-- Requirement --
For each line below that includes the string "induction", show the whole line.

Items from a data source
(* In the setting below, if $q>(30n d_1)^{\frac{2t+2}{t-2n}}$, then the Markoff–Hurwitz-type system has at least one solution in $(\mathbb F_q^* )^t$.
   Context: Setting: $\mathbb F_q$ is a finite field, $t,n$ positive integers with $1\le n<\frac{t-1}{2}$, and $d_1>\cdots>d_t\ge 2$ integers not divisible by $\mathrm{char}(\mathbb F_q)$. $c_{ji}$ ($1\le i,j\le n$) are positive integers with $c_{j1}+\cdots+c_{jn}<d_t$ for each $j$. $A=(a_{ji})\in\mathbb F_q^{n\times t}$ satisfies hypothesis (H): every $n\times n$ submatrix of $A$ (formed by any choice of $n$ columns) has rank $n$. $a_1,\dots,a_n\in\mathbb F_q$ with $a_j\ne0$ for some $j$, and $b_1,\dots,b_n\in\mathbb F_q\setminus\{0\}$. The Markoff–Hurwitz-type system is $\sum_{i=1}^t a_{ji}X_i^{d_i}+a_j=b_jX_1^{c_{j1}}\cdots X_n^{c_{jn}}$, $1\le j\le n$. *)

theory Defs
  imports Complex_Main "Jordan_Normal_Form.DL_Rank"
begin

(* Rank of a matrix over a field (Jordan_Normal_Form's vec_space.rank,
   the dimension of the column span); the first argument of vec_space is the
   number of rows (dimension of column vectors). *)
definition mat_rank :: "'a::field mat \<Rightarrow> nat" where
  "mat_rank M = vec_space.rank (dim_row M) M"

definition hyp_H :: "nat \<Rightarrow> nat \<Rightarrow> (nat \<Rightarrow> nat \<Rightarrow> 'a::field) \<Rightarrow> bool" where
  "hyp_H n t A \<longleftrightarrow>
     (\<forall>f. inj_on f {0..<n} \<longrightarrow> f ` {0..<n} \<subseteq> {1..t} \<longrightarrow>
        mat_rank (mat n n (\<lambda>(r, k). A (r + 1) (f k))) = n)"

end

theory Submission
  imports Defs "HOL-Computational_Algebra.Polynomial" "HOL-Computational_Algebra.Primes"
    "HOL-Number_Theory.Cong" "HOL-Library.Real_Mod"
begin

text \<open>Treat \<open>x\<^sub>1, \<dots>, x\<^sub>n\<close> as parameters. By (H) the block of \<open>A\<close> on the first \<open>n\<close> columns is
  invertible, so for a fixed right-hand side \<open>w\<close> of the remaining diagonal system in
  \<open>x\<^sub>n\<^sub>+\<^sub>1, \<dots>, x\<^sub>t\<close> each \<open>x\<^sub>k\<^sup>d\<^sup>k\<close> (\<open>k \<le> n\<close>) is an affine combination of monomials of degree
  \<open>< d\<^sub>k\<close>; a dimension count bounds the number of such parameters by \<open>d\<^sub>1\<^sup>n\<close>. So if the system had
  no solution, at least \<open>(q - 1)\<^sup>n / d\<^sub>1\<^sup>n\<close> right-hand sides \<open>w\<close> would make the diagonal system
  unsolvable. On the other hand, expanding the number of solutions of the diagonal system in
  additive characters and applying Parseval, the number of such \<open>w\<close> is at most \<open>q\<^sup>n\<close> times a mean
  square of products of the sums \<open>\<Sum>\<^sub>y\<^sub>\<noteq>\<^sub>0 \<psi>(u y\<^sup>d)\<close> (\<open>\<psi>\<close> a nontrivial additive character),
  which is small because these sums satisfy \<open>|\<cdot>|\<^sup>2 \<le> q d\<^sup>2\<close> pointwise, \<open>q (q - 1) d\<close> on average, and (H) lets a nonzero character annihilate
  fewer than \<open>n\<close> of the linear forms. For \<open>q > (30 n d\<^sub>1)\<^bsup>(2t+2)/(t-2n)\<^esup>\<close> the two counts are
  incompatible.\<close>

section \<open>Finite fields\<close>

lemma prime_CHAR_finite_field: "prime CHAR('a::{finite,field})"
  by (intro prime_CHAR_semidom finite_imp_CHAR_pos) simp

lemma CHAR_ge_2_finite_field: "CHAR('a::{finite,field}) \<ge> 2"
  using prime_CHAR_finite_field prime_ge_2_nat by blast

lemma card_UNIV_field_ge_2: "card (UNIV :: 'a::{finite,field} set) \<ge> 2"
proof -
  have "card {0, 1::'a} \<le> card (UNIV :: 'a set)" by (intro card_mono) auto
  thus ?thesis by simp
qed

lemma card_nonzero_field: "card (UNIV - {0::'a::{finite,field}}) = card (UNIV :: 'a set) - 1"
  by (simp add: card_Diff_singleton)

lemma power_card_minus_1_field:
  fixes x :: "'a::{finite,field}"
  assumes "x \<noteq> 0"
  shows "x ^ (card (UNIV :: 'a set) - 1) = 1"
proof -
  let ?U = "UNIV - {0::'a}"
  have "(\<Prod>y\<in>?U. y) = (\<Prod>y\<in>?U. x * y)"
    by (rule prod.reindex_bij_witness[of _ "\<lambda>y. x * y" "\<lambda>y. y / x"]) (use assms in auto)
  also have "\<dots> = x ^ card ?U * (\<Prod>y\<in>?U. y)"
    by (simp add: prod.distrib)
  finally have "x ^ card ?U * (\<Prod>y\<in>?U. y) = 1 * (\<Prod>y\<in>?U. y)" by simp
  moreover have "(\<Prod>y\<in>?U. y) \<noteq> 0" by simp
  ultimately show ?thesis by (simp add: card_nonzero_field)
qed

lemma power_card_field: "x ^ card (UNIV :: 'a set) = (x :: 'a::{finite,field})"
proof (cases "x = 0")
  case False
  have "card (UNIV :: 'a set) = Suc (card (UNIV :: 'a set) - 1)"
    using card_UNIV_field_ge_2[where 'a='a] by simp
  hence "x ^ card (UNIV :: 'a set) = x * x ^ (card (UNIV :: 'a set) - 1)"
    by (metis power_Suc)
  thus ?thesis using power_card_minus_1_field[OF False] by simp
qed (use card_UNIV_field_ge_2[where 'a='a] in auto)

lemma card_roots_le:
  fixes P :: "'a::idom poly"
  assumes "coeff P N \<noteq> 0" "degree P \<le> N"
  shows "card {x. poly P x = 0} \<le> N"
proof -
  have "P \<noteq> 0" using assms(1) by auto
  thus ?thesis using card_poly_roots_bound[of P] assms(2) by linarith
qed

lemma card_power_eq_le:
  fixes c :: "'a::idom"
  assumes "d \<ge> 1"
  shows "card {x. x ^ d = c} \<le> d"
proof -
  let ?P = "monom 1 d - [:c:]"
  have "coeff ?P d = 1" using assms by (cases d) simp_all
  moreover have "degree ?P \<le> d"
    by (rule order.trans[OF degree_diff_le_max]) (simp add: degree_monom_le)
  ultimately have "card {x. poly ?P x = 0} \<le> d" by (intro card_roots_le) auto
  thus ?thesis by (simp add: poly_monom)
qed

lemma prod_of_bool: "finite A \<Longrightarrow> (\<Prod>a\<in>A. of_bool (P a)) = (of_bool (\<forall>a\<in>A. P a) :: 'b::comm_semiring_1)"
  by (induction A rule: finite_induct) auto

definition add_closed :: "'a::{finite,field} set \<Rightarrow> bool" where
  "add_closed G \<longleftrightarrow> 0 \<in> G \<and> (\<forall>x\<in>G. \<forall>y\<in>G. x + y \<in> G)"

lemma add_closed_of_nat_mult: "add_closed G \<Longrightarrow> x \<in> G \<Longrightarrow> of_nat k * x \<in> G"
  by (induction k) (auto simp: add_closed_def distrib_right)

lemma of_nat_CHAR_minus_1: "of_nat (CHAR('a) - 1) = (- 1 :: 'a::{finite,field})"
proof -
  have "CHAR('a) > 0" by (rule finite_imp_CHAR_pos[OF finite_UNIV])
  hence "(of_nat (CHAR('a) - 1) :: 'a) + 1 = of_nat CHAR('a)"
    by (metis Suc_diff_1 add.commute of_nat_Suc)
  thus ?thesis by (simp add: eq_neg_iff_add_eq_0)
qed

lemma add_closed_uminus: "add_closed G \<Longrightarrow> x \<in> G \<Longrightarrow> - x \<in> (G::'a::{finite,field} set)"
  using add_closed_of_nat_mult[of G x "CHAR('a) - 1"] by (simp only: of_nat_CHAR_minus_1 mult_minus_left mult_1)

lemma inverse_of_nat_eq_of_nat:
  assumes "(of_nat k :: 'a::{finite,field}) \<noteq> 0"
  obtains l where "inverse (of_nat k :: 'a) = of_nat l"
proof -
  let ?q = "card (UNIV :: 'a set)"
  have "?q - 1 = Suc (?q - 2)" using card_UNIV_field_ge_2[where 'a='a] by simp
  hence "(of_nat k :: 'a) * of_nat k ^ (?q - 2) = 1"
    using power_card_minus_1_field[OF assms] by (simp only: power_Suc)
  hence "inverse (of_nat k :: 'a) = of_nat (k ^ (?q - 2))"
    using assms by (simp add: field_simps)
  thus ?thesis by (rule that)
qed

lemma of_nat_mult_notin_add_closed:
  fixes G :: "'a::{finite,field} set"
  assumes G: "add_closed G" and x: "x \<notin> G" and m: "(of_nat m :: 'a) \<noteq> 0"
  shows "of_nat m * x \<notin> G"
proof
  assume "of_nat m * x \<in> G"
  obtain l where l: "inverse (of_nat m :: 'a) = of_nat l"
    using m by (rule inverse_of_nat_eq_of_nat)
  have "x = inverse (of_nat m) * (of_nat m * x)" using m by (simp flip: mult.assoc)
  also have "\<dots> \<in> G" unfolding l by (rule add_closed_of_nat_mult[OF G \<open>of_nat m * x \<in> G\<close>])
  finally show False using x by contradiction
qed

definition add_extend :: "'a::{finite,field} set \<Rightarrow> 'a \<Rightarrow> 'a set" where
  "add_extend G x = (\<lambda>(g, k). g + of_nat k * x) ` (G \<times> {..<CHAR('a)})"

lemma add_closed_add_extend:
  assumes G: "add_closed G"
  shows "add_closed (add_extend G x)"
  unfolding add_closed_def
proof (intro conjI ballI)
  let ?p = "CHAR('a)"
  have p0: "?p > 0" using CHAR_ge_2_finite_field[where 'a='a] by simp
  show "0 \<in> add_extend G x" unfolding add_extend_def using G p0 by (force simp: add_closed_def image_iff)
  fix u v assume "u \<in> add_extend G x" "v \<in> add_extend G x"
  then obtain g k g' k' where gk: "g \<in> G" "u = g + of_nat k * x"
    and gk': "g' \<in> G" "v = g' + of_nat k' * x" unfolding add_extend_def by auto
  have "u + v = (g + g') + of_nat (k + k') * x"
    using gk gk' by (simp add: algebra_simps)
  also have "(of_nat (k + k') :: 'a) = of_nat ((k + k') mod ?p)"
    by (subst of_nat_eq_iff_cong_CHAR) (simp add: cong_def)
  finally have "u + v = (g + g') + of_nat ((k + k') mod ?p) * x" .
  moreover have "g + g' \<in> G" using G gk gk' by (simp add: add_closed_def)
  ultimately show "u + v \<in> add_extend G x"
    unfolding add_extend_def using p0 by (intro image_eqI[of _ _ "(g + g', (k + k') mod ?p)"]) auto
qed

text \<open>The translates of \<open>G\<close> by the multiples \<open>k x\<close>, \<open>k < CHAR('a)\<close>, are pairwise disjoint.\<close>

lemma card_add_extend:
  fixes G :: "'a::{finite,field} set"
  assumes G: "add_closed G" and x: "x \<notin> G"
  shows "card (add_extend G x) = card G * CHAR('a)"
proof -
  let ?p = "CHAR('a)"
  have same_multiple: "k = k'" if "g \<in> G" "g' \<in> G" "k' < ?p" "k \<le> k'"
      "g + of_nat k * x = g' + of_nat k' * x" for g g' k k'
  proof (rule ccontr)
    assume "k \<noteq> k'"
    hence "(of_nat (k' - k) :: 'a) \<noteq> 0"
      using that by (subst of_nat_eq_0_iff_char_dvd) (auto dest: dvd_imp_le)
    moreover have "of_nat (k' - k) * x = g + - g'"
      using that by (simp add: algebra_simps)
    moreover have "g + - g' \<in> G" using G that add_closed_uminus[OF G, of g'] unfolding add_closed_def by blast
    ultimately show False using of_nat_mult_notin_add_closed[OF G x] by metis
  qed
  have "inj_on (\<lambda>(g, k). g + of_nat k * x) (G \<times> {..<?p})"
  proof (rule inj_onI, clarify)
    fix g k g' k'
    assume "g \<in> G" "k < ?p" "g' \<in> G" "k' < ?p" "g + of_nat k * x = g' + of_nat k' * x"
    moreover from this have "k = k'"
      using same_multiple[of g g' k' k] same_multiple[of g' g k k'] by fastforce
    ultimately show "g = g' \<and> k = k'" by simp
  qed
  thus ?thesis unfolding add_extend_def by (simp add: card_image card_cartesian_product)
qed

-- Answer for the task --
  by (induction A rule: finite_induct) auto
  by (induction k) (auto simp: add_closed_def distrib_right)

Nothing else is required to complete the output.